▶ [Data excerpts]:
lemma qform_restrict_diag_support:
  assumes "psd A"
  shows "qform A z = qform A (Proj {i. 0 < Re (A$i$i)} *v z)"
proof -
  define z1 where "z1 = Proj {i. 0 < Re (A$i$i)} *v z"
  define w where "w = z - z1"
  have w0: "inner w (A *v v) = 0" for v
  proof -
    have "inner (w$i) ((A *v v)$i) = 0" for i
    proof (cases "0 < Re (A$i$i)")
      case True
      then show ?thesis by (simp add: w_def z1_def)
    next
      case False
      then have "Re (A$i$i) = 0" using psd_diag_nonneg[OF assms, of i] by simp
      then show ?thesis using psd_row_zero_if_diag_zero[OF assms] by simp
    qed
    then show ?thesis by (simp add: inner_vec_def)
  qed
  have "z = z1 + w" by (simp add: w_def)
  then have "qform A z = qform A z1 + inner z1 (A *v w) + inner w (A *v z1) + qform A w"
    by (simp add: matrix_vector_right_distrib inner_add_left inner_add_right)
  also have "inner z1 (A *v w) = 0"
    using hermitian_inner_commute[OF psd_hermitian[OF assms]] w0 by metis
  finally show ?thesis using w0 by (simp add: z1_def)
qed

lemma qform_sum_le_card:
  assumes "psd A" "finite S"
  shows "qform A (\<Sum>i\<in>S. v i) \<le> real (card S) * (\<Sum>i\<in>S. qform A (v i))"
proof -
  have cross: "inner (v i) (A *v v j) \<le> (qform A (v i) + qform A (v j)) / 2" for i j
  proof -
    have "0 \<le> qform A (v i - v j)" by (rule psd_qform_nonneg[OF assms(1)])
    then show ?thesis
      using hermitian_inner_commute[OF psd_hermitian[OF assms(1)], of "v j" "v i"]
      by (simp add: matrix_vector_mult_diff_distrib inner_diff_left inner_diff_right)
  qed
  have "qform A (\<Sum>i\<in>S. v i) = (\<Sum>i\<in>S. \<Sum>j\<in>S. inner (v i) (A *v v j))"
    by (simp only: matrix_vector_mult_sum inner_sum_left) (simp only: inner_sum_right)
  also have "\<dots> \<le> (\<Sum>i\<in>S. \<Sum>j\<in>S. (qform A (v i) + qform A (v j)) / 2)"
    by (intro sum_mono cross)
  also have "\<dots> = real (card S) * (\<Sum>i\<in>S. qform A (v i))"
    by (simp add: sum_divide_distrib[symmetric] sum.distrib sum_distrib_left
        sum_distrib_right mult.commute)
  finally show ?thesis .
qed

lemma qform_Dephase_mono:
  assumes "psd A" "\<And>j. cmod (y$j) \<le> cmod (z$j)"
  shows "qform (Dephase A) y \<le> qform (Dephase A) z"
  unfolding qform_Dephase[OF psd_hermitian[OF assms(1)]]
  by (rule sum_mono, rule mult_left_mono)
    (simp_all add: power_mono assms(2) psd_diag_nonneg[OF assms(1)])

subsection \<open>Blocks of the rescaled matrix\<close>

lemma qform_block_Rmat:
  "qform (Proj I ** Rmat A ** Proj I) y = qform A (diag_mat (inv_sqrt_diag A) *v (Proj I *v y))"
  unfolding qform_Proj_sandwich Rmat_def Dinvsqrt_eq_diag_mat
  using qform_sandwich[where K = "diag_mat (inv_sqrt_diag A)" and A = A] by simp

lemma psd_block_Rmat:
  assumes "psd A"
  shows "psd (Proj I ** Rmat A ** Proj I)"
proof -
  have "hermitian (Rmat A)"
    using hermitian_sandwich[OF psd_hermitian[OF assms], where K = "Dinvsqrt A"]
    by (simp add: Rmat_def Dinvsqrt_eq_diag_mat)
  then have "hermitian (Proj I ** Rmat A ** Proj I)"
    using hermitian_sandwich[where K = "Proj I"] by (simp add: Proj_eq_diag_mat)
  then show ?thesis
    using assms by (simp add: psd_iff_qform qform_block_Rmat)
qed

lemma Proj_mv_diag_mat_commute: "Proj I *v (diag_mat a *v x) = diag_mat a *v (Proj I *v x)"
  unfolding Proj_eq_diag_mat by (rule diag_mat_mv_commute)

lemma inv_sqrt_diag_mv_sqrt_diag:
  assumes "psd A"
  shows "diag_mat (inv_sqrt_diag A) *v (diag_mat (\<lambda>i. sqrt (Re (A$i$i))) *v x)
         = Proj {i. 0 < Re (A$i$i)} *v x"
  unfolding vec_eq_iff
proof
  fix i
  have "complex_of_real (inv_sqrt_diag A i) * complex_of_real (sqrt (Re (A$i$i))) =
        (if 0 < Re (A$i$i) then 1 else 0)"
    using psd_diag_nonneg[OF assms, of i] by (simp add: inv_sqrt_diag_def flip: of_real_mult)
  then show "(diag_mat (inv_sqrt_diag A) *v (diag_mat (\<lambda>i. sqrt (Re (A$i$i))) *v x))$i =
             (Proj {i. 0 < Re (A$i$i)} *v x)$i"
    by (simp add: diag_mat_mv mult.assoc[symmetric])
qed

lemma qform_Dephase_eq_norm_sqrt_diag:
  assumes "psd A"
  shows "qform (Dephase A) x = (norm (diag_mat (\<lambda>i. sqrt (Re (A$i$i))) *v x))^2"
  using psd_diag_nonneg[OF assms]
  by (simp add: norm_cvec_power2 qform_Dephase[OF psd_hermitian[OF assms]] diag_mat_mv
      norm_mult power_mult_distrib)

lemma qform_Dephase_inv_sqrt_diag_le:
  assumes "psd A"
  shows "qform (Dephase A) (diag_mat (inv_sqrt_diag A) *v y) \<le> (norm y)^2"
  unfolding qform_Dephase[OF psd_hermitian[OF assms]] norm_cvec_power2
proof (rule sum_mono)
  fix i
  show "Re (A$i$i) * (cmod ((diag_mat (inv_sqrt_diag A) *v y)$i))^2 \<le> (cmod (y$i))^2"
    using psd_diag_nonneg[OF assms, of i]
    by (simp add: diag_mat_mv inv_sqrt_diag_def norm_mult power_mult_distrib power_divide)
qed

text \<open>The substitution \<open>x = \<Delta>(A)^{1/2} y\<close> turns the norm bound on \<open>\<Pi>_I R \<Pi>_I\<close> into a
  bound of the quadratic form of \<open>A\<close> on \<open>ran \<Pi>_I\<close> by that of \<open>\<Delta>(A)\<close>; vectors off the
  support of \<open>\<Delta>(A)\<close> are invisible to both sides.\<close>

lemma block_norm_le_iff:
  assumes "psd A" "0 \<le> c"
  shows "opnorm (Proj I ** Rmat A ** Proj I) \<le> c \<longleftrightarrow>
         (\<forall>x. qform A (Proj I *v x) \<le> c * qform (Dephase A) x)"
proof (intro iffI allI)
  fix x
  assume norm: "opnorm (Proj I ** Rmat A ** Proj I) \<le> c"
  define y where "y = diag_mat (\<lambda>i. sqrt (Re (A$i$i))) *v x"
  have "qform A (Proj I *v x) = qform A (Proj {i. 0 < Re (A$i$i)} *v (Proj I *v x))"
    by (rule qform_restrict_diag_support[OF assms(1)])
  also have "\<dots> = qform (Proj I ** Rmat A ** Proj I) y"
    by (simp add: qform_block_Rmat y_def Proj_mv_diag_mat_commute
        inv_sqrt_diag_mv_sqrt_diag[OF assms(1)])
  also have "\<dots> \<le> opnorm (Proj I ** Rmat A ** Proj I) * (norm y)^2" by (rule qform_le_opnorm)
  also have "\<dots> \<le> c * qform (Dephase A) x"
    unfolding y_def qform_Dephase_eq_norm_sqrt_diag[OF assms(1)]
    by (rule mult_right_mono[OF norm]) simp
  finally show "qform A (Proj I *v x) \<le> c * qform (Dephase A) x" .
next
  assume H: "\<forall>x. qform A (Proj I *v x) \<le> c * qform (Dephase A) x"
  show "opnorm (Proj I ** Rmat A ** Proj I) \<le> c"
  proof (rule opnorm_le_of_qform_le[OF psd_block_Rmat[OF assms(1)] assms(2)])
    fix y
    define z where "z = diag_mat (inv_sqrt_diag A) *v y"
    have "qform (Proj I ** Rmat A ** Proj I) y = qform A (Proj I *v z)"
      by (simp add: qform_block_Rmat z_def Proj_mv_diag_mat_commute)
    also have "\<dots> \<le> c * qform (Dephase A) z" using H by blast
    also have "\<dots> \<le> c * (norm y)^2"
      unfolding z_def
      by (rule mult_left_mono[OF qform_Dephase_inv_sqrt_diag_le[OF assms(1)] assms(2)])
    finally show "qform (Proj I ** Rmat A ** Proj I) y \<le> c * (norm y)^2" .
  qed
qed

lemma block_norm_le_card:
  assumes "psd A"
  shows "opnorm (Proj I ** Rmat A ** Proj I) \<le> real (card I)"
proof (rule opnorm_le_of_qform_le[OF psd_block_Rmat[OF assms]])
  fix y
  have diag: "0 \<le> Re (A$i$i)" for i using psd_diag_nonneg[OF assms] .
  have split: "diag_mat (inv_sqrt_diag A) *v (Proj I *v y) =
               (\<Sum>i\<in>I. axis i (complex_of_real (inv_sqrt_diag A i) * y$i))"
    by (simp add: vec_eq_iff diag_mat_mv axis_def)
  have "qform (Proj I ** Rmat A ** Proj I) y
        \<le> real (card I) * (\<Sum>i\<in>I. qform A (axis i (complex_of_real (inv_sqrt_diag A i) * y$i)))"
    unfolding qform_block_Rmat split by (rule qform_sum_le_card[OF assms]) simp
  also have "(\<Sum>i\<in>I. qform A (axis i (complex_of_real (inv_sqrt_diag A i) * y$i)))
             \<le> (\<Sum>i\<in>I. (cmod (y$i))^2)"
  proof (rule sum_mono)
    fix i
    show "qform A (axis i (complex_of_real (inv_sqrt_diag A i) * y$i)) \<le> (cmod (y$i))^2"
      using diag[of i] by (simp add: qform_axis inv_sqrt_diag_def norm_mult power_mult_distrib
          power_divide)
  qed
  also have "\<dots> \<le> (norm y)^2"
    unfolding norm_cvec_power2 by (rule sum_mono2) auto
  finally show "qform (Proj I ** Rmat A ** Proj I) y \<le> real (card I) * (norm y)^2"
    by (simp add: mult_left_mono)
qed simp

lemma loewner_block_iff:
  assumes "hermitian A"
  shows "loewner_le (Proj I ** A ** Proj I) (c *\<^sub>R Dephase A) \<longleftrightarrow>
         (\<forall>x. qform A (Proj I *v x) \<le> c * qform (Dephase A) x)"
proof -
  have "hermitian (Proj I ** A ** Proj I)"
    using hermitian_sandwich[OF assms, where K = "Proj I"] by (simp add: Proj_eq_diag_mat)
  then have "hermitian (c *\<^sub>R Dephase A - Proj I ** A ** Proj I)"
    by (simp add: hermitian_def adj_diff adj_scaleR Dephase_eq_diag_mat[OF assms])
  moreover have "qform (c *\<^sub>R Dephase A - Proj I ** A ** Proj I) x
                 = c * qform (Dephase A) x - qform A (Proj I *v x)" for x
    by (simp add: matrix_vector_mult_diff_rdistrib matrix_vector_mult_scaleR_left
        inner_diff_right qform_Proj_sandwich)
  ultimately show ?thesis by (auto simp: loewner_le_def psd_iff_qform)
qed

text \<open>The condition \<open>\<Pi>_I A \<Pi>_I \<le> c \<Delta>(A)\<close> for all \<open>|I| \<le> k\<close>, phrased with quadratic forms.\<close>

definition block_dominated :: "nat \<Rightarrow> real \<Rightarrow> 'n::finite cmat \<Rightarrow> bool" where
  "block_dominated k c A \<longleftrightarrow>
     (\<forall>I x. card I \<le> k \<longrightarrow> qform A (Proj I *v x) \<le> c * qform (Dephase A) x)"

definition max_block_norm :: "nat \<Rightarrow> 'n::finite cmat \<Rightarrow> real" where
  "max_block_norm k A = Max ((\<lambda>I. opnorm (Proj I ** Rmat A ** Proj I)) ` {I. card I \<le> k})"

lemma mu_eq_log_max_block_norm: "mu k A = log 2 (max_block_norm k A)"
  by (simp add: mu_def max_block_norm_def)

lemma max_block_norm_le_iff:
  "max_block_norm k A \<le> c \<longleftrightarrow> (\<forall>I. card I \<le> k \<longrightarrow> opnorm (Proj I ** Rmat A ** Proj I) \<le> c)"
proof -
  have "{I::'n set. card I \<le> k} \<noteq> {}" by (auto intro: exI[of _ "{}"])
  then show ?thesis unfolding max_block_norm_def by (subst Max_le_iff) auto
qed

▶ [Task details]:
In the entries above, identify every line with the word "finite". Copy those lines.

▶ [Problem solution]:
  assumes "psd A" "finite S"
definition block_dominated :: "nat \<Rightarrow> real \<Rightarrow> 'n::finite cmat \<Rightarrow> bool" where
definition max_block_norm :: "nat \<Rightarrow> 'n::finite cmat \<Rightarrow> real" where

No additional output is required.